Given the doctrine of original righteousness – that the moral character of man’s nature was indeed “very good” – the nature of what would have been merited by Adam is an interesting question. Is the implication that if he had completed the dominion mandate, then Adam would have merited eternal or, as Vos put it, “confirmed” life? It would appear that way, as Adam already possessed life, albeit mutably. The mutability of this life and the correlative righteousness mean that these too cannot be regarded as necessary to be in the image of God (although they may be necessary for healthily being in the image of God).

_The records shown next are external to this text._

lemma finite_support_sum:
  assumes "finite I" "\<forall>i\<in>I. finite_support (F i)"
  shows "finite_support (\<lambda>q. \<Sum>i\<in>I. F i q)"
  unfolding finite_support_def
proof (rule finite_subset[of _ "\<Union>i\<in>I. {p. F i p \<noteq> 0}"])
  show "{p. (\<Sum>i\<in>I. F i p) \<noteq> 0} \<subseteq> (\<Union>i\<in>I. {p. F i p \<noteq> 0})"
    by (auto elim: sum.not_neutral_contains_not_neutral)
  show "finite (\<Union>i\<in>I. {p. F i p \<noteq> 0})"
    using assms unfolding finite_support_def by auto
qed

lemma finite_support_delta_comb: "finite I \<Longrightarrow> finite_support (\<lambda>q. \<Sum>i\<in>I. c i * delta (h i) q)"
  by (simp add: finite_support_sum finite_support_scale finite_support_delta)

lemma delta_comb_nonzero:
  assumes "(\<Sum>i\<in>I. c i * delta (h i) q) \<noteq> 0"
  obtains i where "i \<in> I" "q = h i"
proof -
  obtain i where "i \<in> I" "c i * delta (h i) q \<noteq> 0"
    using assms by (auto elim: sum.not_neutral_contains_not_neutral)
  then show ?thesis using that by (auto simp: delta_def split: if_splits)
qed

lemma int_comb_superset:
  assumes "finite S" "{p. f p \<noteq> 0} \<subseteq> S"
  shows "int_comb g f = (\<Sum>p\<in>S. of_int (f p) * g p)"
  unfolding int_comb_def by (rule sum.mono_neutral_left) (use assms in auto)

lemma int_comb_cong: "(\<And>p. f p \<noteq> 0 \<Longrightarrow> g p = g' p) \<Longrightarrow> int_comb g f = int_comb g' f"
  unfolding int_comb_def by (rule sum.cong) auto

lemma int_comb_zero: "int_comb g (\<lambda>q. 0) = 0"
  by (simp add: int_comb_def)

lemma int_comb_zero_fun: "int_comb (\<lambda>p. 0) f = 0"
  by (simp add: int_comb_def)

lemma int_comb_delta: "int_comb g (delta p) = g p"
proof -
  have "{q. delta p q \<noteq> 0} = {p}" by (auto simp: delta_def)
  then show ?thesis by (simp add: int_comb_def delta_def)
qed

lemma int_comb_mult_right: "int_comb (\<lambda>p. g p * a) f = int_comb g f * a"
  unfolding int_comb_def by (simp add: sum_distrib_right mult.assoc)

lemma of_int_mult_left_commute: "of_int k * (a * y) = a * (of_int k * (y::'a::ring_1))"
  by (metis mult.assoc mult_of_int_commute)

lemma int_comb_mult_left: "int_comb (\<lambda>p. a * g p) f = a * int_comb g f"
  unfolding int_comb_def by (simp add: sum_distrib_left of_int_mult_left_commute)

lemma int_comb_add:
  assumes "finite_support f" "finite_support h"
  shows "int_comb g (\<lambda>q. f q + h q) = int_comb g f + int_comb g h"
proof -
  let ?S = "{p. f p \<noteq> 0} \<union> {p. h p \<noteq> 0}"
  have fin: "finite ?S" using assms unfolding finite_support_def by auto
  have "int_comb g (\<lambda>q. f q + h q) = (\<Sum>p\<in>?S. of_int (f p + h p) * g p)"
    by (rule int_comb_superset[OF fin]) auto
  also have "\<dots> = (\<Sum>p\<in>?S. of_int (f p) * g p) + (\<Sum>p\<in>?S. of_int (h p) * g p)"
    by (simp add: sum.distrib distrib_right)
  also have "\<dots> = int_comb g f + int_comb g h"
    using fin by (simp add: int_comb_superset[of ?S])
  finally show ?thesis .
qed

lemma int_comb_diff:
  assumes "finite_support f" "finite_support h"
  shows "int_comb g (\<lambda>q. f q - h q) = int_comb g f - int_comb g h"
proof -
  let ?S = "{p. f p \<noteq> 0} \<union> {p. h p \<noteq> 0}"
  have fin: "finite ?S" using assms unfolding finite_support_def by auto
  have "int_comb g (\<lambda>q. f q - h q) = (\<Sum>p\<in>?S. of_int (f p - h p) * g p)"
    by (rule int_comb_superset[OF fin]) auto
  also have "\<dots> = (\<Sum>p\<in>?S. of_int (f p) * g p) - (\<Sum>p\<in>?S. of_int (h p) * g p)"
    by (simp add: sum_subtractf left_diff_distrib)
  also have "\<dots> = int_comb g f - int_comb g h"
    using fin by (simp add: int_comb_superset[of ?S])
  finally show ?thesis .
qed

lemma int_comb_scale:
  assumes "finite_support f"
  shows "int_comb g (\<lambda>q. k * f q) = of_int k * int_comb g f"
proof -
  have fin: "finite {p. f p \<noteq> 0}" using assms unfolding finite_support_def .
  have "int_comb g (\<lambda>q. k * f q) = (\<Sum>p\<in>{p. f p \<noteq> 0}. of_int (k * f p) * g p)"
    by (rule int_comb_superset[OF fin]) auto
  also have "\<dots> = of_int k * int_comb g f"
    by (simp add: int_comb_def sum_distrib_left mult.assoc)
  finally show ?thesis .
qed

lemma int_comb_sum:
  assumes "finite I" "\<forall>i\<in>I. finite_support (F i)"
  shows "int_comb g (\<lambda>q. \<Sum>i\<in>I. F i q) = (\<Sum>i\<in>I. int_comb g (F i))"
proof -
  let ?S = "\<Union>i\<in>I. {p. F i p \<noteq> 0}"
  have fin: "finite ?S" using assms unfolding finite_support_def by auto
  have "int_comb g (\<lambda>q. \<Sum>i\<in>I. F i q) = (\<Sum>p\<in>?S. of_int (\<Sum>i\<in>I. F i p) * g p)"
    by (rule int_comb_superset[OF fin]) (auto elim: sum.not_neutral_contains_not_neutral)
  also have "\<dots> = (\<Sum>p\<in>?S. \<Sum>i\<in>I. of_int (F i p) * g p)"
    by (simp add: sum_distrib_right)
  also have "\<dots> = (\<Sum>i\<in>I. \<Sum>p\<in>?S. of_int (F i p) * g p)"
    by (rule sum.swap)
  also have "\<dots> = (\<Sum>i\<in>I. int_comb g (F i))"
    by (rule sum.cong[OF refl], rule int_comb_superset[symmetric]) (use fin assms in auto)
  finally show ?thesis .
qed

lemma int_comb_delta_comb:
  "finite I \<Longrightarrow> int_comb g (\<lambda>q. \<Sum>i\<in>I. c i * delta (h i) q) = (\<Sum>i\<in>I. of_int (c i) * g (h i))"
  by (simp add: int_comb_sum finite_support_scale finite_support_delta int_comb_scale int_comb_delta)

lemma int_comb_push:
  assumes "finite_support f"
  shows "int_comb g (\<lambda>q. \<Sum>p\<in>{p. f p \<noteq> 0}. f p * delta (h p) q) = int_comb (\<lambda>p. g (h p)) f"
  using int_comb_delta_comb[of "{p. f p \<noteq> 0}" g f h] assms
  unfolding finite_support_def int_comb_def[of "\<lambda>p. g (h p)"] by simp

lemma free_ab_finite_support: "f \<in> free_ab M N \<Longrightarrow> finite_support f"
  unfolding free_ab_def finite_support_def by blast

lemma free_ab_mem: "f \<in> free_ab M N \<Longrightarrow> f p \<noteq> 0 \<Longrightarrow> fst p \<in> M \<and> snd p \<in> N"
  unfolding free_ab_def by blast

lemma free_abI:
  "finite_support f \<Longrightarrow> (\<And>p. f p \<noteq> 0 \<Longrightarrow> fst p \<in> M \<and> snd p \<in> N) \<Longrightarrow> f \<in> free_ab M N"
  unfolding free_ab_def finite_support_def by blast

lemma free_ab_add:
  assumes "f \<in> free_ab M N" "g \<in> free_ab M N"
  shows "(\<lambda>q. f q + g q) \<in> free_ab M N"
proof (rule free_abI)
  show "finite_support (\<lambda>q. f q + g q)"
    using assms by (intro finite_support_add free_ab_finite_support)
  fix p assume "f p + g p \<noteq> 0"
  then have "f p \<noteq> 0 \<or> g p \<noteq> 0" by auto
  then show "fst p \<in> M \<and> snd p \<in> N"
    using free_ab_mem[OF assms(1)] free_ab_mem[OF assms(2)] by blast
qed

lemma free_ab_diff:
  assumes "f \<in> free_ab M N" "g \<in> free_ab M N"
  shows "(\<lambda>q. f q - g q) \<in> free_ab M N"
proof (rule free_abI)
  show "finite_support (\<lambda>q. f q - g q)"
    using assms by (intro finite_support_diff free_ab_finite_support)
  fix p assume "f p - g p \<noteq> 0"
  then have "f p \<noteq> 0 \<or> g p \<noteq> 0" by auto
  then show "fst p \<in> M \<and> snd p \<in> N"
    using free_ab_mem[OF assms(1)] free_ab_mem[OF assms(2)] by blast
qed

lemma free_ab_push:
  assumes f: "f \<in> free_ab M N"
    and h: "\<And>p. fst p \<in> M \<Longrightarrow> snd p \<in> N \<Longrightarrow> fst (h p) \<in> M' \<and> snd (h p) \<in> N'"
  shows "(\<lambda>q. \<Sum>p\<in>{p. f p \<noteq> 0}. f p * delta (h p) q) \<in> free_ab M' N'"
proof (rule free_abI)
  have fin: "finite {p. f p \<noteq> 0}"
    using free_ab_finite_support[OF f] unfolding finite_support_def .
  then show "finite_support (\<lambda>q. \<Sum>p\<in>{p. f p \<noteq> 0}. f p * delta (h p) q)"
    by (rule finite_support_delta_comb)
  fix q assume "(\<Sum>p\<in>{p. f p \<noteq> 0}. f p * delta (h p) q) \<noteq> 0"
  then obtain p where "p \<in> {p. f p \<noteq> 0}" "q = h p" by (rule delta_comb_nonzero)
  with free_ab_mem[OF f] h show "fst q \<in> M' \<and> snd q \<in> N'" by blast
qed

section \<open>The tensor relation\<close>

lemma tensor_rel_add_left:
  "m \<in> M \<Longrightarrow> m' \<in> M \<Longrightarrow> n \<in> N \<Longrightarrow>
    (\<lambda>q. delta (m + m', n) q - delta (m, n) q - delta (m', n) q) \<in> tensor_rel R M N"
  by (rule tensor_rel_gen) (unfold tensor_gens_def, blast)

Aside from man’s rational faculty, one final common suggestion as to what distinguishes man as in God’s image is his [alleged] possession of “free will,” by which I mean not only the ability to choose – for Reformed Protestants believe men possess volitions – but also the ability to choose in such a way that it was not externally determined. Some Reformed Protestants think Adam possessed free will prior to the Fall, but it seems to me that there are at least two reasons why this can’t be the case:
1. Adam was originally righteous, so he could not have chosen to eat the apple according to his concreated “nature.” An inference one could draw from this would be that a precondition for Adam’s eating of the apple was the passive reception of a corrupt nature by means of secondary causation, e.g. the temptation of the serpent. Satan’s own reception of a corrupt nature would have had to have been on the occasion of some good, created thing. It is a sufficient defense to note that if God created Satan and other rational creatures with a capacity to be tempted and sin, there does not appear to be any reason to suppose that He could not also have created said creatures with the necessity to sin, given certain circumstances.
2. God’s knowledge of what Adam would choose was predicated on Adam’s actualizing one of two possible choices, God is not eternally omniscient, from which serious consequences for Christianity would follow.